Co-authored-by: Steven Liu <59462357+stevhliu@users.noreply.github.com>
---
 .../en/using-diffusers/weighted_prompts.md    | 65 ++++++++++++++++++-
 1 file changed, 62 insertions(+), 3 deletions(-)

diff --git a/docs/source/en/using-diffusers/weighted_prompts.md b/docs/source/en/using-diffusers/weighted_prompts.md
index 5e6371d011..f0a705d38f 100644
--- a/docs/source/en/using-diffusers/weighted_prompts.md
+++ b/docs/source/en/using-diffusers/weighted_prompts.md
@@ -24,13 +24,16 @@ This is called "prompt-weighting" and has been a highly demanded feature by the
 
 ## How to do prompt-weighting in Diffusers
 
-We believe the role of `diffusers` is to be a toolbox that provides essential features that enable other projects, such as [InvokeAI](https://github.com/invoke-ai/InvokeAI) or [diffuzers](https://github.com/abhishekkrthakur/diffuzers), to build powerful UIs. In order to support arbitrary methods to manipulate prompts, `diffusers` exposes a [`prompt_embeds`](https://huggingface.co/docs/diffusers/v0.14.0/en/api/pipelines/stable_diffusion/text2img#diffusers.StableDiffusionPipeline.__call__.prompt_embeds) function argument to many pipelines such as [`StableDiffusionPipeline`], allowing to directly pass the "prompt-weighted"/scaled text embeddings to the pipeline.

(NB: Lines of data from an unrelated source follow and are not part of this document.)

(* Let $F$ be a recurrent set and let $X\subset F$ be a bifix code of finite $F$-degree $d\ge 2$. Let $I=I(X)$, $K=K(X)$, $G=(IA\cap F)\setminus I$ and $D=(AI\cap F)\setminus I$. Then $X'=K\cup(G\cap D)$ is a bifix code of $F$-degree $d-1$.
   Context: $A$ is a finite alphabet. $F\subset A^*$ is recurrent if it is nonempty, closed under factors, and for all $u,w\in F$ there is $v\in F$ with $uvw\in F$. A bifix code is a set of nonempty words none of which is a proper prefix or proper suffix of another. A parse of $w$ with respect to $X$ is a triple $(v,x,u)$ with $w=vxu$, $v$ having no suffix in $X$, $x\in X^*$, $u$ having no prefix in $X$; $\delta_X(w)$ is the number of parses and the $F$-degree is $d_F(X)=\max_{w\in F}\delta_X(w)$. $I(X)=\{w\in A^*\mid A^+wA^+\cap X\neq\emptyset\}$ is the set of internal factors of $X$, and $K(X)=X\cap I(X)$ is the kernel of $X$. *)

theory Defs
  imports Main "HOL-Library.Sublist"
begin

definition factor :: "'a list \<Rightarrow> 'a list \<Rightarrow> bool" where
  "factor u w \<longleftrightarrow> (\<exists>p s. w = p @ u @ s)"

definition factorial :: "'a list set \<Rightarrow> bool" where
  "factorial F \<longleftrightarrow> (\<forall>w\<in>F. \<forall>u. factor u w \<longrightarrow> u \<in> F)"

definition recurrent :: "'a set \<Rightarrow> 'a list set \<Rightarrow> bool" where
  "recurrent A F \<longleftrightarrow> F \<noteq> {} \<and> F \<subseteq> lists A \<and> factorial F \<and>
     (\<forall>u\<in>F. \<forall>w\<in>F. \<exists>v\<in>F. u @ v @ w \<in> F)"

definition bifix_code :: "'a list set \<Rightarrow> bool" where
  "bifix_code X \<longleftrightarrow> [] \<notin> X \<and>
     (\<forall>x\<in>X. \<forall>y\<in>X. \<not> strict_prefix x y \<and> \<not> strict_suffix x y)"

definition star :: "'a list set \<Rightarrow> 'a list set" where
  "star X = {concat xs | xs. set xs \<subseteq> X}"

definition parses :: "'a list set \<Rightarrow> 'a list \<Rightarrow> ('a list \<times> 'a list \<times> 'a list) set" where
  "parses X w = {(v, x, u). w = v @ x @ u \<and> (\<forall>s. suffix s v \<longrightarrow> s \<notin> X)
       \<and> x \<in> star X \<and> (\<forall>p. prefix p u \<longrightarrow> p \<notin> X)}"

definition delta :: "'a list set \<Rightarrow> 'a list \<Rightarrow> nat" where
  "delta X w = card (parses X w)"

definition has_F_degree :: "'a list set \<Rightarrow> 'a list set \<Rightarrow> nat \<Rightarrow> bool" where
  "has_F_degree F X d \<longleftrightarrow> (\<exists>w\<in>F. delta X w = d) \<and> (\<forall>w\<in>F. delta X w \<le> d)"

definition internal :: "'a set \<Rightarrow> 'a list set \<Rightarrow> 'a list set" where
  "internal A X = {w \<in> lists A. \<exists>p s. p \<in> lists A \<and> s \<in> lists A \<and> p \<noteq> [] \<and> s \<noteq> []
       \<and> p @ w @ s \<in> X}"

definition kernel :: "'a set \<Rightarrow> 'a list set \<Rightarrow> 'a list set" where
  "kernel A X = X \<inter> internal A X"

end

theory Submission
  imports Defs
begin

text \<open>
  For a bifix code Y, a parse (v, x, u) of w is determined by its left part v alone,
  and also by its right part u alone, so delta Y w counts the prefixes of w without a suffix in Y
  (equivalently the suffixes without a prefix in Y).  Consequently delta Y grows by at most one per
  letter appended on either side, and is monotone under taking factors.

  In a recurrent set F the F-degree d of X separates internal factors from the rest: a word of F
  lies in I = I(X) iff delta X w < d.  For w in I this holds because w is a proper factor of a
  code word; for w not in I one embeds w as z t w t' z with z of maximal degree and maps the
  parses of that word injectively onto parses of w.

  Every word of G \<inter> D lies outside I while its longest proper prefix and suffix lie in I; by the
  dichotomy it has no prefix and no suffix in X.  From this X' = K \<union> (G \<inter> D) is a bifix code that
  agrees with X on I, so delta X' = delta X < d on I; and every word of F outside I has a suffix
  in X', which gives delta X' = d - 1 outside I by induction on the length.
\<close>

section \<open>Parses with respect to a bifix code\<close>

definition no_suffix_in :: "'a list set \<Rightarrow> 'a list \<Rightarrow> bool" where
  "no_suffix_in Y v \<longleftrightarrow> (\<forall>s. suffix s v \<longrightarrow> s \<notin> Y)"

definition no_prefix_in :: "'a list set \<Rightarrow> 'a list \<Rightarrow> bool" where
  "no_prefix_in Y u \<longleftrightarrow> (\<forall>p. prefix p u \<longrightarrow> p \<notin> Y)"

definition left_parts :: "'a list set \<Rightarrow> 'a list \<Rightarrow> 'a list set" where
  "left_parts Y w = {v. prefix v w \<and> no_suffix_in Y v}"

definition right_parts :: "'a list set \<Rightarrow> 'a list \<Rightarrow> 'a list set" where
  "right_parts Y w = {u. suffix u w \<and> no_prefix_in Y u}"

lemma star_iff: "x \<in> star Y \<longleftrightarrow> (\<exists>xs. set xs \<subseteq> Y \<and> x = concat xs)"
  unfolding star_def by auto

lemma parses_iff:
  "(v, x, u) \<in> parses Y w \<longleftrightarrow>
     w = v @ x @ u \<and> no_suffix_in Y v \<and> x \<in> star Y \<and> no_prefix_in Y u"
  unfolding parses_def no_suffix_in_def no_prefix_in_def by auto

lemma bifix_code_nil: "bifix_code Y \<Longrightarrow> [] \<notin> Y"
  unfolding bifix_code_def by blast

lemma bifix_code_prefix_eq: "bifix_code Y \<Longrightarrow> x \<in> Y \<Longrightarrow> y \<in> Y \<Longrightarrow> prefix x y \<Longrightarrow> x = y"
  unfolding bifix_code_def strict_prefix_def by blast

lemma bifix_code_suffix_eq: "bifix_code Y \<Longrightarrow> x \<in> Y \<Longrightarrow> y \<in> Y \<Longrightarrow> suffix x y \<Longrightarrow> x = y"
  unfolding bifix_code_def strict_suffix_def by blast

lemma concat_no_prefix_unique:
  assumes "bifix_code Y"
  shows "set xs \<subseteq> Y \<Longrightarrow> set ys \<subseteq> Y \<Longrightarrow> concat xs @ u = concat ys @ u' \<Longrightarrow>
    no_prefix_in Y u \<Longrightarrow> no_prefix_in Y u' \<Longrightarrow> xs = ys \<and> u = u'"
proof (induction xs arbitrary: ys)
  case Nil
  then show ?case
    by (cases ys) (auto simp: no_prefix_in_def)
next
  case (Cons x xs)
  obtain y ys' where ys: "ys = y # ys'"
    using Cons.prems by (cases ys) (auto simp: no_prefix_in_def)
  with Cons.prems have eq: "x @ (concat xs @ u) = y @ (concat ys' @ u')" by simp
  have "prefix x y \<or> prefix y x"
    by (metis eq prefix_same_cases prefixI)
  then have "x = y"
    using Cons.prems ys bifix_code_prefix_eq[OF assms] by (metis list.set_intros(1) subsetD)
  with eq Cons.IH[of ys'] Cons.prems ys show ?case by auto
qed

lemma no_suffix_concat_unique:
  assumes "bifix_code Y"
  shows "set xs \<subseteq> Y \<Longrightarrow> set ys \<subseteq> Y \<Longrightarrow> v @ concat xs = v' @ concat ys \<Longrightarrow>
    no_suffix_in Y v \<Longrightarrow> no_suffix_in Y v' \<Longrightarrow> v = v'"
proof (induction xs arbitrary: ys rule: rev_induct)
  case Nil
  show ?case
  proof (cases ys rule: rev_exhaust)
    case (snoc ys' y)
    with Nil.prems have "suffix y v" "y \<in> Y" by (auto simp: suffix_def)
    with Nil.prems show ?thesis by (auto simp: no_suffix_in_def)
  qed (use Nil.prems in simp)
next
  case (snoc x xs)
  obtain y ys' where ys: "ys = ys' @ [y]"
    using snoc.prems by (cases ys rule: rev_exhaust) (fastforce simp: no_suffix_in_def suffix_def)+
  with snoc.prems have eq: "(v @ concat xs) @ x = (v' @ concat ys') @ y" by simp
  have "suffix x y \<or> suffix y x"
    by (metis eq suffix_same_cases suffixI)
  then have "x = y"
    using snoc.prems ys bifix_code_suffix_eq[OF assms] by auto
  with eq snoc.IH[of ys'] snoc.prems ys show ?case by auto
qed

lemma concat_no_prefix_exists:
  assumes "bifix_code Y"
  shows "\<exists>xs u. set xs \<subseteq> Y \<and> r = concat xs @ u \<and> no_prefix_in Y u"
proof (induction r rule: length_induct)
  case (1 r)
  show ?case
  proof (cases "no_prefix_in Y r")
    case True
    then show ?thesis by (intro exI[of _ "[]"] exI[of _ r]) auto
  next
    case False
    then obtain p r' where p: "p \<in> Y" "r = p @ r'"
      unfolding no_prefix_in_def prefix_def by auto
    then have "length r' < length r"
      using bifix_code_nil[OF assms] by (cases p) auto
    with 1 obtain xs u where "set xs \<subseteq> Y" "r' = concat xs @ u" "no_prefix_in Y u" by blast
    with p show ?thesis by (intro exI[of _ "p # xs"]) auto
  qed
qed

lemma no_suffix_concat_exists:
  assumes "bifix_code Y"
  shows "\<exists>v xs. set xs \<subseteq> Y \<and> r = v @ concat xs \<and> no_suffix_in Y v"
proof (induction r rule: length_induct)
  case (1 r)
  show ?case
  proof (cases "no_suffix_in Y r")
    case True
    then show ?thesis by (intro exI[of _ r] exI[of _ "[]"]) auto
  next
    case False
    then obtain p r' where p: "p \<in> Y" "r = r' @ p"
      unfolding no_suffix_in_def suffix_def by auto
    then have "length r' < length r"
      using bifix_code_nil[OF assms] by (cases p) auto
    with 1 obtain v xs where "set xs \<subseteq> Y" "r' = v @ concat xs" "no_suffix_in Y v" by blast
    with p show ?thesis by (intro exI[of _ v] exI[of _ "xs @ [p]"]) auto
  qed
qed

lemma parse_determined_by_left:
  assumes "bifix_code Y" "(v, x, u) \<in> parses Y w" "(v, x', u') \<in> parses Y w"
  shows "x = x' \<and> u = u'"
proof -
  obtain xs xs' where "set xs \<subseteq> Y" "x = concat xs" "set xs' \<subseteq> Y" "x' = concat xs'"
    and "concat xs @ u = concat xs' @ u'" "no_prefix_in Y u" "no_prefix_in Y u'"
    using assms(2,3) unfolding parses_iff star_iff by auto
  with concat_no_prefix_unique[OF assms(1)] show ?thesis by metis
qed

+We believe the role of `diffusers` is to be a toolbox that provides essential features that enable other projects, such as [InvokeAI](https://github.com/invoke-ai/InvokeAI) or [diffuzers](https://github.com/abhishekkrthakur/diffuzers), to build powerful UIs. In order to support arbitrary methods to manipulate prompts, `diffusers` exposes a [`prompt_embeds`](https://huggingface.co/docs/diffusers/en/api/pipelines/stable_diffusion/text2img#diffusers.StableDiffusionPipeline.__call__.prompt_embeds) function argument and an optional [`negative_prompt_embeds`](https://huggingface.co/docs/diffusers/en/api/pipelines/stable_diffusion/text2img#diffusers.StableDiffusionPipeline.__call__.negative_prompt_embeds) function argument to many pipelines such as [`StableDiffusionPipeline`], [`StableDiffusionControlNetPipeline`], [`StableDiffusionXLPipeline`], allowing to directly pass the "prompt-weighted"/scaled text embeddings to the pipeline.
 
 The [compel library](https://github.com/damian0815/compel) provides an easy way to emphasize or de-emphasize portions of the prompt for you. We strongly recommend it instead of preparing the embeddings yourself.
 
 Let's look at a simple example. Imagine you want to generate an image of `"a red cat playing with a ball"` as 
 follows:
 
+
+### StableDiffusionPipeline
+
 ```py
 from diffusers import StableDiffusionPipeline, UniPCMultistepScheduler
 
@@ -53,8 +56,8 @@ As you can see, there is no "ball" in the image. Let's emphasize this part!
 
 For this we should install the `compel` library:
 
-```
-pip install compel
+```py
+pip install compel --upgrade
 ```
 
 and then create a `Compel` object:
@@ -108,3 +111,59 @@ compel = Compel(
 
 Also, please check out the documentation of the [compel](https://github.com/damian0815/compel) library for 
 more information.
+
+### StableDiffusionXLPipeline
+
+For StableDiffusionXL we need to not only pass `prompt_embeds` (and optionally `negative_prompt_embeds`), but also [`pooled_prompt_embeds`](https://huggingface.co/docs/diffusers/en/api/pipelines/stable_diffusion/stable_diffusion_xl#diffusers.StableDiffusionXLInpaintPipeline.__call__.pooled_prompt_embeds) and optionally [`negative_pooled_prompt_embeds`](https://huggingface.co/docs/diffusers/en/api/pipelines/stable_diffusion/stable_diffusion_xl#diffusers.StableDiffusionXLInpaintPipeline.__call__.negative_pooled_prompt_embeds). 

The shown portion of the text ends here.